Limited hip internal and external rotation in various positions, including seated, prone, bent knee fallout (flexion abduction external rotation), and the flexion adduction internal rotation (FADIR) test have all been related to HAGI. A measure of total hip rotation less than 85 degrees has also been identified as a risk factor.²⁵ As with the consideration of total arc of motion compared to a single direction measure (such as the bent knee fall out), relative limb to limb range of motion and range of motion in sport specific positions may warrant deeper consideration as position specific findings may be related to injury.^25,26 Clinical experience, unpublished data, and homogenous population data²⁷ indicates that if clinicians are flagging ranges of motion (i.e 85 degrees total arc, bent knee fallout) as a risk factor cutoff point, nearly every athlete within select sports populations could be at risk due to limited hip mobility. In other words, if following the findings of systematic reviews,^18,25 entire sporting populations would be defined as at risk of groin pain, limiting its effectiveness as a risk factor measure.

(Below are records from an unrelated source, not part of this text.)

theory Submission
  imports Defs "HOL-Analysis.Analysis" "HOL-Computational_Algebra.Fundamental_Theorem_Algebra"
begin

text \<open>With \<open>w = e^(ik)\<close>, each Lieb--Wu equation says that \<open>w\<close> is a root of a monic
  polynomial \<open>P\<^sub>\<Lambda>\<close> of degree \<open>L + 2\<close> whose roots are symmetric under \<open>w \<mapsto> 1/w\<^sup>*\<close>.
  For \<open>UL > 8\<close> its roots on the unit circle are exactly the \<open>L\<close> simple roots
  \<open>e^(iq\<^sub>l(\<Lambda>))\<close>, so the two remaining roots are \<open>z\<close> and \<open>1/z\<^sup>*\<close> with \<open>|z| > 1\<close>, and a
  two-string must be \<open>e^(ik\<^sub>1) = z\<close>, \<open>e^(ik\<^sub>2) = 1/z\<^sup>*\<close>. Since \<open>P\<^sub>\<Lambda>(0) = 1\<close>, the product of
  all roots is \<open>(-1)\<^sup>L\<close>, which turns the product equation on branch \<open>l\<close> into the condition
  that \<open>L/(2\<pi>) \<Sum>\<^sub>m\<^sub>\<noteq>\<^sub>l q\<^sub>m(\<Lambda>) - L/2\<close> be an integer. As \<open>\<Lambda>\<close> runs over the reals this
  function increases continuously between two numbers at distance \<open>L - 1\<close>, which are
  half-integers for odd \<open>L\<close> and integers for even \<open>L\<close>; so it takes \<open>L - 1\<close>, respectively
  \<open>L - 2\<close>, integer values.\<close>

lemma cis_inj_on_0_2pi: "inj_on cis {0..<2 * pi}"
proof (rule inj_onI)
  fix a b assume "a \<in> {0..<2 * pi}" "b \<in> {0..<2 * pi}" "cis a = cis b"
  then show "a = b"
    using Arg2pi_unique[of 1 a "cis a"] Arg2pi_unique[of 1 b "cis a"] by (auto simp: cis_conv_exp)
qed

lemma unimodular_eq_cis_Arg2pi: "cmod w = 1 \<Longrightarrow> w = cis (Arg2pi w)"
  by (simp add: complex_norm_eq_1_exp cis_conv_exp)

lemma cis_eq_1_iff_Ints: "cis x = 1 \<longleftrightarrow> x / (2 * pi) \<in> \<int>"
proof -
  have "cis x = 1 \<longleftrightarrow> sin x = sin 0 \<and> cos x = cos 0"
    by (auto simp: complex_eq_iff)
  also have "\<dots> \<longleftrightarrow> (\<exists>n::int. x = 0 + 2 * pi * of_int n)"
    by (rule sin_cos_eq_iff)
  also have "\<dots> \<longleftrightarrow> x / (2 * pi) \<in> \<int>"
    by (auto simp: field_simps elim!: Ints_cases)
  finally show ?thesis .
qed

lemma cis_double_minus_1: "cis (2 * t) - 1 = 2 * \<i> * of_real (sin t) * cis t"
  by (simp add: complex_eq_iff cos_double_sin sin_double power2_eq_square)

lemma cis_double_plus_1: "cis (2 * t) + 1 = 2 * of_real (cos t) * cis t"
  by (simp add: complex_eq_iff cos_double_cos sin_double power2_eq_square)

lemma cis_double_minus_1_sq: "(cis (2 * t) - 1)\<^sup>2 = -4 * of_real ((sin t)\<^sup>2) * cis (2 * t)"
  by (simp add: cis_double_minus_1 power_mult_distrib Complex.DeMoivre)

text \<open>The hypothesis \<open>v \<noteq> 0\<close> rules out the junk value \<open>(x - iu)/0 = 0\<close>.\<close>

lemma eq_moebius_iff:
  fixes x v :: complex and u :: real
  assumes "u \<noteq> 0" "v \<noteq> 0"
  shows "v = (x - \<i> * of_real u) / (x + \<i> * of_real u) \<longleftrightarrow>
    x * (v - 1) + \<i> * of_real u * (v + 1) = 0"
proof (cases "x + \<i> * of_real u = 0")
  case True
  then have "x * (v - 1) + \<i> * of_real u * (v + 1) = 2 * \<i> * of_real u"
    by (simp add: eq_neg_iff_add_eq_0[symmetric] algebra_simps)
  then show ?thesis using True assms by simp
next
  case False
  then have "v = (x - \<i> * of_real u) / (x + \<i> * of_real u) \<longleftrightarrow>
      v * (x + \<i> * of_real u) = x - \<i> * of_real u"
    by (simp add: field_simps)
  also have "\<dots> \<longleftrightarrow> x * (v - 1) + \<i> * of_real u * (v + 1) = 0"
    by (auto simp: algebra_simps)
  finally show ?thesis .
qed

lemma prod_linear_factors_dvd:
  fixes p :: "'a::idom poly"
  assumes "finite S" and "\<And>z. z \<in> S \<Longrightarrow> poly p z = 0"
  shows "(\<Prod>z\<in>S. [:-z, 1:]) dvd p"
  using assms
proof (induction S arbitrary: p rule: finite_induct)
  case empty
  then show ?case by simp
next
  case (insert a S)
  obtain q where q: "p = [:-a, 1:] * q"
    using insert.prems poly_eq_0_iff_dvd by blast
  have "(\<Prod>z\<in>S. [:-z, 1:]) dvd q"
    using insert by (intro insert.IH) (auto simp: q)
  then have "[:-a, 1:] * (\<Prod>z\<in>S. [:-z, 1:]) dvd p"
    unfolding q by (rule mult_dvd_mono[OF dvd_refl])
  then show ?case
    unfolding prod.insert[OF insert.hyps] .
qed

lemma poly_linear_factors_eq_0_iff:
  fixes S :: "'a::idom set"
  assumes "finite S"
  shows "poly ((\<Prod>x\<in>S. [:-x, 1:]) * ([:-a, 1:] * [:-b, 1:])) y = 0 \<longleftrightarrow> y \<in> S \<or> y = a \<or> y = b"
  using assms by (simp only: poly_mult poly_prod) (auto simp: prod_zero_iff)

lemma poly_pderiv_at_double_root:
  fixes p :: "'a::idom poly"
  assumes "[:-a, 1:] ^ 2 dvd p"
  shows "poly (pderiv p) a = 0"
proof -
  from assms obtain h where "p = [:-a, 1:] ^ 2 * h" by (rule dvdE)
  then have p: "p = [:-a, 1:] * ([:-a, 1:] * h)" by (simp only: power2_eq_square mult.assoc)
  show ?thesis unfolding p pderiv_mult poly_add poly_mult by simp
qed

lemma card_Ints_preimage_strict_mono:
  fixes f :: "real \<Rightarrow> real"
  assumes mono: "strict_mono f" and cont: "\<And>x. isCont f x"
    and bot: "(f \<longlongrightarrow> a) at_bot" and top: "(f \<longlongrightarrow> b) at_top"
  shows "finite {x. f x \<in> \<int>} \<and> card {x. f x \<in> \<int>} = card {n::int. a < of_int n \<and> of_int n < b}"
proof -
  let ?E = "{x. f x \<in> \<int>}" and ?N = "{n::int. a < of_int n \<and> of_int n < b}"
  have a_le: "a \<le> f y" and le_b: "f y \<le> b" for y
    by (rule tendsto_upperbound[OF bot] tendsto_lowerbound[OF top],
        use strict_mono_less_eq[OF mono] in \<open>auto simp: eventually_at_bot_linorder eventually_at_top_linorder\<close>)+
  have bounds: "a < f x" "f x < b" for x
    using a_le[of "x - 1"] le_b[of "x + 1"] strict_mono_less[OF mono, of "x - 1" x]
      strict_mono_less[OF mono, of x "x + 1"] by auto
  have image: "f ` ?E = of_int ` ?N"
  proof
    show "f ` ?E \<subseteq> of_int ` ?N"
    proof
      fix y assume "y \<in> f ` ?E"
      then obtain x n where "y = f x" "f x = of_int n" by (auto elim!: Ints_cases)
      then show "y \<in> of_int ` ?N" using bounds[of x] by (auto simp: image_iff)
    qed
    show "of_int ` ?N \<subseteq> f ` ?E"
    proof
      fix y :: real assume "y \<in> of_int ` ?N"
      then have y: "y \<in> \<int>" "a < y" "y < b" by auto
      obtain x1 where x1: "f x1 < y"
        using order_tendstoD(2)[OF bot y(2)] by (auto simp: eventually_at_bot_linorder)
      obtain x2 where x2: "y < f x2"
        using order_tendstoD(1)[OF top y(3)] by (auto simp: eventually_at_top_linorder)
      have "x1 \<le> x2"
        using x1 x2 strict_mono_less_eq[OF mono, of x2 x1] by linarith
      then obtain x where "f x = y"
        using IVT[of f x1 y x2] x1 x2 cont by auto
      then show "y \<in> f ` ?E" using y by auto
    qed
  qed
  have "finite ?N"
    by (rule finite_subset[of _ "{floor a .. ceiling b}"])
      (auto simp: floor_le_iff le_ceiling_iff intro: less_imp_le)
  moreover have "inj_on f ?E"
    using mono by (rule strict_mono_imp_inj_on)
  ultimately show ?thesis
    using image finite_imageD[of f ?E] card_image[of f ?E] card_image[of "of_int :: int \<Rightarrow> real" ?N]
    by (simp add: inj_on_def)
qed

lemma card_int_open_interval:
  fixes A :: int and L :: nat
  assumes "1 \<le> L"
  shows "card {n::int. of_int A - real L / 2 < of_int n \<and> of_int n < of_int A + real L / 2 - 1}
    = (if odd L then L - 1 else L - 2)"
proof -
  have "of_int A - real L / 2 < of_int n \<longleftrightarrow> 2 * A - int L < 2 * n"
    and "of_int n < of_int A + real L / 2 - 1 \<longleftrightarrow> 2 * n < 2 * A + int L - 2" for n :: int
    by (simp_all only: of_int_less_iff[symmetric, where 'a = real]) (auto simp: field_simps)
  then have eq: "{n::int. of_int A - real L / 2 < of_int n \<and> of_int n < of_int A + real L / 2 - 1}
      = {n. 2 * A - int L < 2 * n \<and> 2 * n < 2 * A + int L - 2}"
    by blast
  show ?thesis
  proof (cases "odd L")
    case True
    then obtain j where j: "L = 2 * j + 1" using oddE by blast
    have "{n. 2 * A - int L < 2 * n \<and> 2 * n < 2 * A + int L - 2} = {A - int j .. A + int j - 1}"
      unfolding j by (auto; presburger)
    then show ?thesis using True j eq by simp
  next
    case False
    then obtain j where j: "L = 2 * j" using evenE by blast
    have "{n. 2 * A - int L < 2 * n \<and> 2 * n < 2 * A + int L - 2} = {A - int j + 1 .. A + int j - 2}"
      unfolding j by (auto; presburger)
    then show ?thesis using False j assms eq by (simp add: nat_diff_distrib)
  qed
qed

section \<open>The Lieb--Wu polynomial\<close>

text \<open>For \<open>w = e^(ik)\<close> and \<open>u = U/4\<close>, the Lieb--Wu equation \<open>e^(ikL) = \<theta>(k)\<close> cleared of
  denominators reads \<open>(w\<^sup>2 - 1)(w\<^sup>L - 1) + 2uw(w\<^sup>L + 1) - 2i\<Lambda>w(w\<^sup>L - 1) = 0\<close>.\<close>

definition lw_poly :: "nat \<Rightarrow> real \<Rightarrow> real \<Rightarrow> complex poly" where
  "lw_poly L u \<Lambda> = monom 1 (L + 2) - monom 1 2 - monom 1 L + 1
     + monom (2 * of_real u) (L + 1) + monom (2 * of_real u) 1
     - monom (2 * \<i> * of_real \<Lambda>) (L + 1) + monom (2 * \<i> * of_real \<Lambda>) 1"

lemma poly_lw_poly:
  "poly (lw_poly L u \<Lambda>) w = (w\<^sup>2 - 1) * (w ^ L - 1) + 2 * of_real u * w * (w ^ L + 1)
     - 2 * \<i> * of_real \<Lambda> * w * (w ^ L - 1)"
  by (simp add: lw_poly_def poly_monom algebra_simps power2_eq_square)

lemma poly_lw_poly_0: "0 < L \<Longrightarrow> poly (lw_poly L u \<Lambda>) 0 = 1"
  by (simp add: poly_lw_poly)

lemma
  assumes "0 < L"
  shows degree_lw_poly: "degree (lw_poly L u \<Lambda>) = L + 2"
    and lead_coeff_lw_poly: "lead_coeff (lw_poly L u \<Lambda>) = 1"
proof -
  have top: "coeff (lw_poly L u \<Lambda>) (L + 2) = 1"
    unfolding lw_poly_def using assms by simp
  have "degree (lw_poly L u \<Lambda>) \<le> L + 2"
    unfolding lw_poly_def by (rule degree_le) auto
  moreover have "L + 2 \<le> degree (lw_poly L u \<Lambda>)"
    by (rule le_degree) (metis top one_neq_zero)
  ultimately show deg: "degree (lw_poly L u \<Lambda>) = L + 2" by simp
  show "lead_coeff (lw_poly L u \<Lambda>) = 1"
    using deg top by simp
qed

lemma poly_lw_poly_exp:
  "poly (lw_poly L u \<Lambda>) (exp (\<i> * k)) = -2 * \<i> * exp (\<i> * k) *
     ((of_real \<Lambda> - sin k) * (exp (\<i> * k) ^ L - 1) + \<i> * of_real u * (exp (\<i> * k) ^ L + 1))"
proof -
  define w where "w = exp (\<i> * k)"
  have w0: "w \<noteq> 0" unfolding w_def by simp
  have s: "sin k = (w - inverse w) / (2 * \<i>)"
    unfolding sin_exp_eq w_def by (simp add: exp_minus)
  show ?thesis
    unfolding w_def[symmetric] s poly_lw_poly using w0 by (simp add: field_simps power2_eq_square)
qed

lemma lw_equation_iff_root:
  assumes "U \<noteq> 0"
  shows "exp (\<i> * k * of_nat L) = lw_theta U \<Lambda> k \<longleftrightarrow> poly (lw_poly L (U / 4) \<Lambda>) (exp (\<i> * k)) = 0"
proof -
  have e: "exp (\<i> * k * of_nat L) = exp (\<i> * k) ^ L"
    by (metis exp_of_nat_mult mult.commute)
  have "exp (\<i> * k * of_nat L) = lw_theta U \<Lambda> k \<longleftrightarrow>
      (of_real \<Lambda> - sin k) * (exp (\<i> * k) ^ L - 1) + \<i> * of_real (U / 4) * (exp (\<i> * k) ^ L + 1) = 0"
    unfolding lw_theta_def e by (rule eq_moebius_iff) (use assms in auto)
  also have "\<dots> \<longleftrightarrow> poly (lw_poly L (U / 4) \<Lambda>) (exp (\<i> * k)) = 0"
    unfolding poly_lw_poly_exp by simp
  finally show ?thesis .
qed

There is also a reliance on standardized ROM assessment of the hip which supports validity within studies, but may overlook the natural variance in pelvic morphology between individuals, especially when assessing hip internal rotation (IR). The natural arc of hip motion may vary between individuals due the variations in femoral version and acetabular alignment, such that an individual may demonstrate reduced hip IR in standard testing with excessive ER, but not when the individual’s natural plane of hip motion (which could be defined as hiption, similar to the concept of scaption in the glenohumeral joint) is assessed.²⁸ Further, this measure may be impacted by the timing of data collection, as rotation has been shown to change following competition²⁹ and may continue to be dynamic over the course of a season and career.³⁰

Considering the prevalence of variations in athlete morphology and its complex relationship with mobility, how modifiable hip range of motion is warrants a more thorough investigation, as evidence for preventative interventions to address mobility deficits is limited and rarely included in reviews.^18,27,31,32 Transient in-session range of motion increases made by modalities, manual therapy, and therapeutic exercise may be clinically important, potentially redistributing force or changing pain pressure thresholds. However lasting tissue change has not been documented nor have mobility-based intervention programs been identified as protective.³²

Strength

Strength measures about the hip and trunk have been related to hip and groin pain. Of consistent interest is absolute and relative adductor strength. Common assessment methods include squeeze testing, during which a sphygmomanometer is used to measure the maximal isometric ability of the adductors in various supine positions. Other primary strength measures include handheld and isokinetic dynamometry.^18,26 Low strength ratios of hip adduction to abduction, and high hip flexion to extension ratios and trunk flexion to extension ratios have all been identified as risk factors.^12,26 The timing of muscle activation may be meaningful, but it has not been determined as a cause or a result of HAGI and it is currently nearly impossible to identify functional motor recruitment in sport-specific context. Furthermore, documented standardized strength assessment may not accurately measure strength variables as they relate to sport-specific tasks and associated mechanisms of injury such as defensive shuffling, kicking, single leg jumping, or how an ongoing strength profile improves any tissue’s capacity to handle such tasks. Simple strength metrics have been shown to vary according to population,³³ morphology,²⁷ timing,³⁴ presence of pain,³³ fatigue,³⁴ and many other factors indicating a need for clinical reasoning for interpretation and application.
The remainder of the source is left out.